§ **Task objective**:
Pick out each line of the records that includes the string "blast", and copy it.
──────
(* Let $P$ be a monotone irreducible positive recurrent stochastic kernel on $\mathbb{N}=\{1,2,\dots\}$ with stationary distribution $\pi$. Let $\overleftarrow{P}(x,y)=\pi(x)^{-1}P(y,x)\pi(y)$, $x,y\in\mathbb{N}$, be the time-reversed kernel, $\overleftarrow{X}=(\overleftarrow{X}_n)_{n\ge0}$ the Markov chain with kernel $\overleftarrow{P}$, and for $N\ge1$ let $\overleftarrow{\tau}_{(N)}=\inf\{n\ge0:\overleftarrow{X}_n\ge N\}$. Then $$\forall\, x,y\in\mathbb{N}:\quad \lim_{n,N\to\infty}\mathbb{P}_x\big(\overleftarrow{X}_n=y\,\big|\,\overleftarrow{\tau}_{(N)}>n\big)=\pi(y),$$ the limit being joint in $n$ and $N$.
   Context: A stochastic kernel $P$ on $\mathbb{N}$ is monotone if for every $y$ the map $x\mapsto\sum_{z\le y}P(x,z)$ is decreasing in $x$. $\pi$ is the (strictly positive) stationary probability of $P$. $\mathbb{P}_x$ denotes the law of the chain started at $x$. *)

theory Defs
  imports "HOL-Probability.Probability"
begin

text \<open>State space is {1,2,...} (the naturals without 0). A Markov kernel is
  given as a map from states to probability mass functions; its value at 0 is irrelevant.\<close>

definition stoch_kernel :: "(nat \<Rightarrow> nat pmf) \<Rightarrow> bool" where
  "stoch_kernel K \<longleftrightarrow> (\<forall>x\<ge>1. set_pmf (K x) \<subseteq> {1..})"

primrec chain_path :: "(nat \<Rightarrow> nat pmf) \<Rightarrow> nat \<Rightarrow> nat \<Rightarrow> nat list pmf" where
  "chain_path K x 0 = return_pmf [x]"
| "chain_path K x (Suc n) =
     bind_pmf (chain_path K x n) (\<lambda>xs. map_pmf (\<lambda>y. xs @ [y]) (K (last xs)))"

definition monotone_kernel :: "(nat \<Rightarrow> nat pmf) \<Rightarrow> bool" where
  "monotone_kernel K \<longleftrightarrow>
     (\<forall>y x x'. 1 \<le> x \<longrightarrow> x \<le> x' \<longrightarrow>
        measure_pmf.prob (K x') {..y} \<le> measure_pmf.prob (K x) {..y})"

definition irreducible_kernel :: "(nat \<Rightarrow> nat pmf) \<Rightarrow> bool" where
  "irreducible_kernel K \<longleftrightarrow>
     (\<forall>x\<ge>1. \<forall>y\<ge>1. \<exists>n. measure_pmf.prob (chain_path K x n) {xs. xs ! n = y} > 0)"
──────
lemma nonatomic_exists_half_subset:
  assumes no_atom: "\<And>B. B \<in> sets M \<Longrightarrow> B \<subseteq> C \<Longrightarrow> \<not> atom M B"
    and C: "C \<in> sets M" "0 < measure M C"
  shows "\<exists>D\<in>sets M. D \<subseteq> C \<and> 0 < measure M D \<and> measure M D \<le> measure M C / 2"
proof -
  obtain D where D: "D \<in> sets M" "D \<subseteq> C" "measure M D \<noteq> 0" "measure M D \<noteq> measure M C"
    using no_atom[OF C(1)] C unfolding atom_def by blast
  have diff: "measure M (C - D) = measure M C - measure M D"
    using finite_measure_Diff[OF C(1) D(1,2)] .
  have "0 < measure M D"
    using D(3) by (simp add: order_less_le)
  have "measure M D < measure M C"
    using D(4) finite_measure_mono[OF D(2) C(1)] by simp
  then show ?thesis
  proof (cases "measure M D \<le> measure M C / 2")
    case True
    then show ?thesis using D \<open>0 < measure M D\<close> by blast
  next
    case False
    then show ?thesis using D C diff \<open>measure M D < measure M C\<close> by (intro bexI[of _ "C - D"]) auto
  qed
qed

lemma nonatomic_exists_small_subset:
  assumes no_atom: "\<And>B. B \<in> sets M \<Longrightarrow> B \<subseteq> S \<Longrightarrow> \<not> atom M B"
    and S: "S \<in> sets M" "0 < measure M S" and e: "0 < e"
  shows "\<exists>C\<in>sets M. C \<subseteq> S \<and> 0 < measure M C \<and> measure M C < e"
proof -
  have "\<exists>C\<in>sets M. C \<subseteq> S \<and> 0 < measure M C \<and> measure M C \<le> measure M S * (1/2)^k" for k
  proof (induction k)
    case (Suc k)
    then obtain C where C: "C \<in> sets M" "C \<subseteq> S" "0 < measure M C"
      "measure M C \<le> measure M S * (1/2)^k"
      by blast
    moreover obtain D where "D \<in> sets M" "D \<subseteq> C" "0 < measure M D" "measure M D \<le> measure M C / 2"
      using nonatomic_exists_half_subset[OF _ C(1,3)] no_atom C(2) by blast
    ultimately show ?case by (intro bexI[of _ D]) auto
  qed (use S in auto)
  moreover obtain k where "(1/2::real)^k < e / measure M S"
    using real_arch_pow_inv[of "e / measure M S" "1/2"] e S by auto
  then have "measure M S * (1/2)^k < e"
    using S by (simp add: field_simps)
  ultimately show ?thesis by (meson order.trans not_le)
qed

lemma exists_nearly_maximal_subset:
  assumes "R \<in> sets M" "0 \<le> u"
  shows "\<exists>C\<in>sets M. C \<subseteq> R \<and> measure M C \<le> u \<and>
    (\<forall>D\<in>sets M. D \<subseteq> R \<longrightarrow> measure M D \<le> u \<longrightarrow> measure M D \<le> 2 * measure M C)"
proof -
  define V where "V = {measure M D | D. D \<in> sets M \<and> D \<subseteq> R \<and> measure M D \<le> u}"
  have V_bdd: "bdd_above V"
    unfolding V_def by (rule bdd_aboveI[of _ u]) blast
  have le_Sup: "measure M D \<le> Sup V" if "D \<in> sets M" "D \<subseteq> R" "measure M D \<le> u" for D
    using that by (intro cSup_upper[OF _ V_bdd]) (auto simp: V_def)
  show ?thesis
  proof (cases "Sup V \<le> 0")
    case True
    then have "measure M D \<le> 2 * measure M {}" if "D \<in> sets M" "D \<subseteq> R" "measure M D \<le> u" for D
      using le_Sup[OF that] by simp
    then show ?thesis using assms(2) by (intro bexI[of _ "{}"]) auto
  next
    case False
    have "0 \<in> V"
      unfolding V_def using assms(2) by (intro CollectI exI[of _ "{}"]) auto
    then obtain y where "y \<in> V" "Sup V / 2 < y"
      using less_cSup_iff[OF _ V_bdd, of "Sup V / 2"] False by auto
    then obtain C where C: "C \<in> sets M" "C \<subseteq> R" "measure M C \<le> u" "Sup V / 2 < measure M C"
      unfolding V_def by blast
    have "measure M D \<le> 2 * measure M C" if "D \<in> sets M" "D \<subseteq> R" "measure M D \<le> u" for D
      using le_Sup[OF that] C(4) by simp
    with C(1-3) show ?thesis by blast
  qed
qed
──────
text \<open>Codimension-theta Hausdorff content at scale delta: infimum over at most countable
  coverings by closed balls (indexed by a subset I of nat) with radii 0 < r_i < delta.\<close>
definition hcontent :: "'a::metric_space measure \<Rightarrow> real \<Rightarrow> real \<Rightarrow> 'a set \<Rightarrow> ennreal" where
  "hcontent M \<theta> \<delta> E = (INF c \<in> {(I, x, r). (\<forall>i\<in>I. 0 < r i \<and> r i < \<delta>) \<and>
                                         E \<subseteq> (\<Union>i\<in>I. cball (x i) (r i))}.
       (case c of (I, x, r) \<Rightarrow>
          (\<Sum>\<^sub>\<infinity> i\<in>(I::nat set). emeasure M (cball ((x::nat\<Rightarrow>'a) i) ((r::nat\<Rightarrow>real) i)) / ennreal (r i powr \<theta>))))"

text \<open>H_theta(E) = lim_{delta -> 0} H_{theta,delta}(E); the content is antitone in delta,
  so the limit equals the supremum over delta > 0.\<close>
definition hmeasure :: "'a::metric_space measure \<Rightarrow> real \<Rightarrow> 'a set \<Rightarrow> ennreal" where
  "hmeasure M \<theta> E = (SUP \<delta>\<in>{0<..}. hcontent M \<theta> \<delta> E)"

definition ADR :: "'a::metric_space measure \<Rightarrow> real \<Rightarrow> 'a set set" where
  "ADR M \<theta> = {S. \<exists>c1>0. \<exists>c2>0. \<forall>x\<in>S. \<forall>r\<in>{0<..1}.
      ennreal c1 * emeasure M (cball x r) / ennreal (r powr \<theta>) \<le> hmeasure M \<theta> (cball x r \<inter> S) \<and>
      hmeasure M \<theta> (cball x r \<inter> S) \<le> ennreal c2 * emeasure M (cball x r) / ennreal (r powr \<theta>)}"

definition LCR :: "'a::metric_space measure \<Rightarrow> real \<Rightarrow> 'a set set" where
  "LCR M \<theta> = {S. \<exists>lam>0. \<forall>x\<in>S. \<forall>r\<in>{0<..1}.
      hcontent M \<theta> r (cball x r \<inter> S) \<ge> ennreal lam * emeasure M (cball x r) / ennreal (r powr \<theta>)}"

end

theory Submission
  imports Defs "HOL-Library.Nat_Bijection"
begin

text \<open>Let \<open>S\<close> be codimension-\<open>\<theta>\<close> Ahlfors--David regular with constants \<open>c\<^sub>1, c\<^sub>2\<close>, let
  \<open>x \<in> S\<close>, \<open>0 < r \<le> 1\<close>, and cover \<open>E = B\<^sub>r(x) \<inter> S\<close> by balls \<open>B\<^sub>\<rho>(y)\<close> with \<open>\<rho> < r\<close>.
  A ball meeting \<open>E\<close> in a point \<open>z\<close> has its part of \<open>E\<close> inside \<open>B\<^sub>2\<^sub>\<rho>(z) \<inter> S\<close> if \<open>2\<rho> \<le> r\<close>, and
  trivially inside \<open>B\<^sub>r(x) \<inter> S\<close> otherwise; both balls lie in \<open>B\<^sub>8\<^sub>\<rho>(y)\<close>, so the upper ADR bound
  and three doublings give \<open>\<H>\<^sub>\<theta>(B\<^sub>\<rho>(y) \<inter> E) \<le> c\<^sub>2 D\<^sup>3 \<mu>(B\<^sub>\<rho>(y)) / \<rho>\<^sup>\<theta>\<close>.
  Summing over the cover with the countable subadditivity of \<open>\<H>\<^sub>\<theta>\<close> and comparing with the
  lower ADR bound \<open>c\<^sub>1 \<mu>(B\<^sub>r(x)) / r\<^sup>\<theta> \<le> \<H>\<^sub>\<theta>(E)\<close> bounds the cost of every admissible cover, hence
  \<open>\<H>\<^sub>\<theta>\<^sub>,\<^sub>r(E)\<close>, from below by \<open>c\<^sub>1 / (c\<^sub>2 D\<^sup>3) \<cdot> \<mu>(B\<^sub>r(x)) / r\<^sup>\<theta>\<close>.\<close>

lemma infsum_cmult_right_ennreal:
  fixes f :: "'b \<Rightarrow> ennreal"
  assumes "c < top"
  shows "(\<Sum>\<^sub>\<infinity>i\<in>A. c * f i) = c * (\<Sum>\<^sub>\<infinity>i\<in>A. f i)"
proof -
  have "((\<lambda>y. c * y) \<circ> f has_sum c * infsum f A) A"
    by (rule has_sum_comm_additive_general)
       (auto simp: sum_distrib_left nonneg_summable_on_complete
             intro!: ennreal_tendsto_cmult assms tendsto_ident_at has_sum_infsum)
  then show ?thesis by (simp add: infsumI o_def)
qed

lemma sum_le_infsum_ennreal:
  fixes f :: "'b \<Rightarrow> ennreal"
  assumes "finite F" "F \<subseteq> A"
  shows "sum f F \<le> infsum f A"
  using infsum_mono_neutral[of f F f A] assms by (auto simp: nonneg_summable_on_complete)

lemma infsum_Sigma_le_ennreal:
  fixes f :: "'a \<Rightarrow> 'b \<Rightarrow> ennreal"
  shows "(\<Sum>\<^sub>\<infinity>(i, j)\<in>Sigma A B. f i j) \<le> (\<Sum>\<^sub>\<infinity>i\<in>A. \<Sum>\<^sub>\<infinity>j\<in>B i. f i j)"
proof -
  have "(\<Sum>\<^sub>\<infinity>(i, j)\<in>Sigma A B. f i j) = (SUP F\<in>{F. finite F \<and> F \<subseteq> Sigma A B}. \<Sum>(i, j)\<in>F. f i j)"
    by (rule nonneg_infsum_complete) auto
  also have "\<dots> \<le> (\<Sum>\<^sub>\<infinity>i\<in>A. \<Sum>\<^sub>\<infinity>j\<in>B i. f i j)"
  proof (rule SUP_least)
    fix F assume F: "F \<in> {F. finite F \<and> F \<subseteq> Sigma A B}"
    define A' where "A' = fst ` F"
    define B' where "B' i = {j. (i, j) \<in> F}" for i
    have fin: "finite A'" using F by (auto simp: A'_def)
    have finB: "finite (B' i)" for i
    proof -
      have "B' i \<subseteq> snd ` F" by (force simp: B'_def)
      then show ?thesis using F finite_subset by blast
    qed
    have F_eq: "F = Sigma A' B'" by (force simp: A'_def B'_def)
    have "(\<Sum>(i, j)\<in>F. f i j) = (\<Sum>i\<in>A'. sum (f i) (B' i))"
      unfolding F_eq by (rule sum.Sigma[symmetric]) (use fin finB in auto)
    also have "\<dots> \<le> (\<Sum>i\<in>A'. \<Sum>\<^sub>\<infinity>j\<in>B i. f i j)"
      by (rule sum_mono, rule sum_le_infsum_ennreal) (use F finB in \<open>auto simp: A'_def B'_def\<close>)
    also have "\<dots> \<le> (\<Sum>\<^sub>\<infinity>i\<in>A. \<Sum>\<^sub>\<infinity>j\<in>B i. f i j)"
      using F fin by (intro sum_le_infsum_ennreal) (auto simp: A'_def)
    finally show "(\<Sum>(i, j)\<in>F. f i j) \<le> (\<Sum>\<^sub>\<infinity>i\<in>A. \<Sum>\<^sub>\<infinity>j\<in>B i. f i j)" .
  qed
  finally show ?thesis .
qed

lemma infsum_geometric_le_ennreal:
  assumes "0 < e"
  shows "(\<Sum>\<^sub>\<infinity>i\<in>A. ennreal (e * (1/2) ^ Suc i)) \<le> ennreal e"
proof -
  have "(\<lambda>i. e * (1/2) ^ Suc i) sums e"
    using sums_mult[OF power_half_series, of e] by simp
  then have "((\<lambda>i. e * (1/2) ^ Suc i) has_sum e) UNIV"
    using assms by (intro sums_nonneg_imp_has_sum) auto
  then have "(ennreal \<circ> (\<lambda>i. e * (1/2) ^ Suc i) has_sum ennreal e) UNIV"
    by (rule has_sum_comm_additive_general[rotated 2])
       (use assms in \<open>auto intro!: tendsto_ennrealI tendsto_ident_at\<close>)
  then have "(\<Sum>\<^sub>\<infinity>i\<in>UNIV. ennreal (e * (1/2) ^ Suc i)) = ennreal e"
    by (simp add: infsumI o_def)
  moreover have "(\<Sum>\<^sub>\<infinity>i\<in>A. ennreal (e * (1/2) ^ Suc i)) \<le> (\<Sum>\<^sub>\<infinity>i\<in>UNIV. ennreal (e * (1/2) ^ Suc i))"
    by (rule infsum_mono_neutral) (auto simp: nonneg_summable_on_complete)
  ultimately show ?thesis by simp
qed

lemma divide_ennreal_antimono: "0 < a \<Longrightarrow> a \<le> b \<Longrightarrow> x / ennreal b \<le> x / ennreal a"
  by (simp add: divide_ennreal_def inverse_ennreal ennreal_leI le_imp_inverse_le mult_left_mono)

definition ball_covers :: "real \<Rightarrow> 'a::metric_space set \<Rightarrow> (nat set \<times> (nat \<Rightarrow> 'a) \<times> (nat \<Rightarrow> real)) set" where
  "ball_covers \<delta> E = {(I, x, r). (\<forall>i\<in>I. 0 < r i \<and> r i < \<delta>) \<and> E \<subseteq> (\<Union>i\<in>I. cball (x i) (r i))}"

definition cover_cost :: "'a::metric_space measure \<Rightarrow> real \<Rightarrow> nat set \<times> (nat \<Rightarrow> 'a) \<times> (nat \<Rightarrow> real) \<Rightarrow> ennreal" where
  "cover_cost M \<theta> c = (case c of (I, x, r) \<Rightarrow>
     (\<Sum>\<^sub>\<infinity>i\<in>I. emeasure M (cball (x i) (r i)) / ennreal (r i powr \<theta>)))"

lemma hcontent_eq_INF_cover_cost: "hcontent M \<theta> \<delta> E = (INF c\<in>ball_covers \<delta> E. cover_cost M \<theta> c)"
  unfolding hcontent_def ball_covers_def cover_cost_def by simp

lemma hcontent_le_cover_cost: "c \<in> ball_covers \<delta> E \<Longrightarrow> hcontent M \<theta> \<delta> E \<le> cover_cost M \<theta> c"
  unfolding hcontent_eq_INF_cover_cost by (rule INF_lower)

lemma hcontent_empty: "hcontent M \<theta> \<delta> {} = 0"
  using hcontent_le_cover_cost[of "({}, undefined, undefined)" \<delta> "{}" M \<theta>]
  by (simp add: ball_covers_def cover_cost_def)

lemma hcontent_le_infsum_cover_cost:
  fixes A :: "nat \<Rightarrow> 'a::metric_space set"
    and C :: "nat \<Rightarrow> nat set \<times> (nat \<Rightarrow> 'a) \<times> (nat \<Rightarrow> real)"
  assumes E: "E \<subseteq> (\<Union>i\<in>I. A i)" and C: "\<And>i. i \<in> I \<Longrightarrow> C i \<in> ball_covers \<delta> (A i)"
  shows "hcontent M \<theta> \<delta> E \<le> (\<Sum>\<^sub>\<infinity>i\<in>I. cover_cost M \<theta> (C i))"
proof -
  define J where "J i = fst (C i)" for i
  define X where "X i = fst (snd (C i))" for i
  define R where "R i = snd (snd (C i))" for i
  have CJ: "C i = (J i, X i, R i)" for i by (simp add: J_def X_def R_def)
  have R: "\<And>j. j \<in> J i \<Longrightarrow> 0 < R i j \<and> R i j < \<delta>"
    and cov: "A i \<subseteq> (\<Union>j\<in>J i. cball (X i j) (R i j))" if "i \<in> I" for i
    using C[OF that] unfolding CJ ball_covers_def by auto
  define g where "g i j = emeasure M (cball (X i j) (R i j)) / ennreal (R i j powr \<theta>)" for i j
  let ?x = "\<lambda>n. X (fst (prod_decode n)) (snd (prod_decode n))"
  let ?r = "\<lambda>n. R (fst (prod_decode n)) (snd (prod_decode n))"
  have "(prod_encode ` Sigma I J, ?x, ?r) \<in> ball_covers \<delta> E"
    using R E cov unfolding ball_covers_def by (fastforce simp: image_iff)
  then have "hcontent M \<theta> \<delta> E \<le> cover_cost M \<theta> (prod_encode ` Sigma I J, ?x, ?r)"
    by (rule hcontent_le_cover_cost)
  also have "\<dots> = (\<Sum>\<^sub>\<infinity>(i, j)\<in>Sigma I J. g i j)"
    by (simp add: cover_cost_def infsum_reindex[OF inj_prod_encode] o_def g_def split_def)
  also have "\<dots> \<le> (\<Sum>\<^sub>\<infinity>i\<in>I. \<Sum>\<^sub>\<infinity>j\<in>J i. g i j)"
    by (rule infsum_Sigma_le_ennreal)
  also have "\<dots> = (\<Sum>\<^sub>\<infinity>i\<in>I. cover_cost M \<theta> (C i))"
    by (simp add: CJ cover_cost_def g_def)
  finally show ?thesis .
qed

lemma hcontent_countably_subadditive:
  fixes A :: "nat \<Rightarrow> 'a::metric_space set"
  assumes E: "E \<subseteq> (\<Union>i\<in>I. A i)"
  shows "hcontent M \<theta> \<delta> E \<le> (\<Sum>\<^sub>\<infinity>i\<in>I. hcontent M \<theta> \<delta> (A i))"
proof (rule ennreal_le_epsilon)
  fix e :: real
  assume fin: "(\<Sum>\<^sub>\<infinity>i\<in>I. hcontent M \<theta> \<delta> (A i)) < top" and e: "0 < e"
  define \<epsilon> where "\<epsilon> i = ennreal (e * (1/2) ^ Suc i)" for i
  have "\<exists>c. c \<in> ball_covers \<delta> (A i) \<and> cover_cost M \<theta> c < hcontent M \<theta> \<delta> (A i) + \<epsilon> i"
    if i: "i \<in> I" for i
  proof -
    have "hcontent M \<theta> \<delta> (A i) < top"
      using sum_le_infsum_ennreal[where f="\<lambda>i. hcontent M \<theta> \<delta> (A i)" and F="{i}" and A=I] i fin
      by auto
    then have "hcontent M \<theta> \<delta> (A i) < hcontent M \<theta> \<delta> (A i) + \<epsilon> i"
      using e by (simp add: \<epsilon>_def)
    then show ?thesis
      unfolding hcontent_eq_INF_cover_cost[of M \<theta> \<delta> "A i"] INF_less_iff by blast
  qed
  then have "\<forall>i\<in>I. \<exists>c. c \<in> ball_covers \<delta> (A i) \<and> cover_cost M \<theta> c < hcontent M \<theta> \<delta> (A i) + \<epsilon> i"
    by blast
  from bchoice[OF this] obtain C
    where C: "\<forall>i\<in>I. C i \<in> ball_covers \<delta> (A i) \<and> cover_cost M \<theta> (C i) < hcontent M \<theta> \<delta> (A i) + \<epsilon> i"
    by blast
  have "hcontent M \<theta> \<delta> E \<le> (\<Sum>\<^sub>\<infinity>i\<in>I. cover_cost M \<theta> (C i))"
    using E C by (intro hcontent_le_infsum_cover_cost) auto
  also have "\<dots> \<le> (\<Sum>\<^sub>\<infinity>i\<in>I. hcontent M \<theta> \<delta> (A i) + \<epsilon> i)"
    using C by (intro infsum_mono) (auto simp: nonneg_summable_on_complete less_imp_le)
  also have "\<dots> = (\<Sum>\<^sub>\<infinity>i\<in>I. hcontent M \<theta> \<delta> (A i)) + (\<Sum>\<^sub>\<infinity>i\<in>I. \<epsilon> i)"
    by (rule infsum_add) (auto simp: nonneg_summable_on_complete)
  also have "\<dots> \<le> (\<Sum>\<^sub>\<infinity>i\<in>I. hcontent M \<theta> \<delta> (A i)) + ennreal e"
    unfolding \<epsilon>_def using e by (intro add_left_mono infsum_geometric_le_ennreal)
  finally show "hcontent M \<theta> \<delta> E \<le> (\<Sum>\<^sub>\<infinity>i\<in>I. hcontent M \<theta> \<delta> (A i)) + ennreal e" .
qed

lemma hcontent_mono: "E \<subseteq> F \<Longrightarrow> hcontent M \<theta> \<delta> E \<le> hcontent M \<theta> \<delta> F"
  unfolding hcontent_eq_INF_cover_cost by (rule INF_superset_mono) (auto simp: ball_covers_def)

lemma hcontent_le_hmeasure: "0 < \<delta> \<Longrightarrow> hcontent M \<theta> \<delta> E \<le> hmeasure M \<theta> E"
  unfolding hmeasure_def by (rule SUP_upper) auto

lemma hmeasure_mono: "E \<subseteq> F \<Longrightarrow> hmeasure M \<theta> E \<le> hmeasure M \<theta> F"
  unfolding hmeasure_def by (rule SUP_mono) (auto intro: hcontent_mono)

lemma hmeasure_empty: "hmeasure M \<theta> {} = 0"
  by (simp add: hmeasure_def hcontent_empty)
──────
§ **Solution**:
    using no_atom[OF C(1)] C unfolding atom_def by blast
    then show ?thesis using D \<open>0 < measure M D\<close> by blast
      by blast
      using nonatomic_exists_half_subset[OF _ C(1,3)] no_atom C(2) by blast
    unfolding V_def by (rule bdd_aboveI[of _ u]) blast
      unfolding V_def by blast
    with C(1-3) show ?thesis by blast
      then show ?thesis using F finite_subset by blast
      unfolding hcontent_eq_INF_cover_cost[of M \<theta> \<delta> "A i"] INF_less_iff by blast
    by blast
    by blast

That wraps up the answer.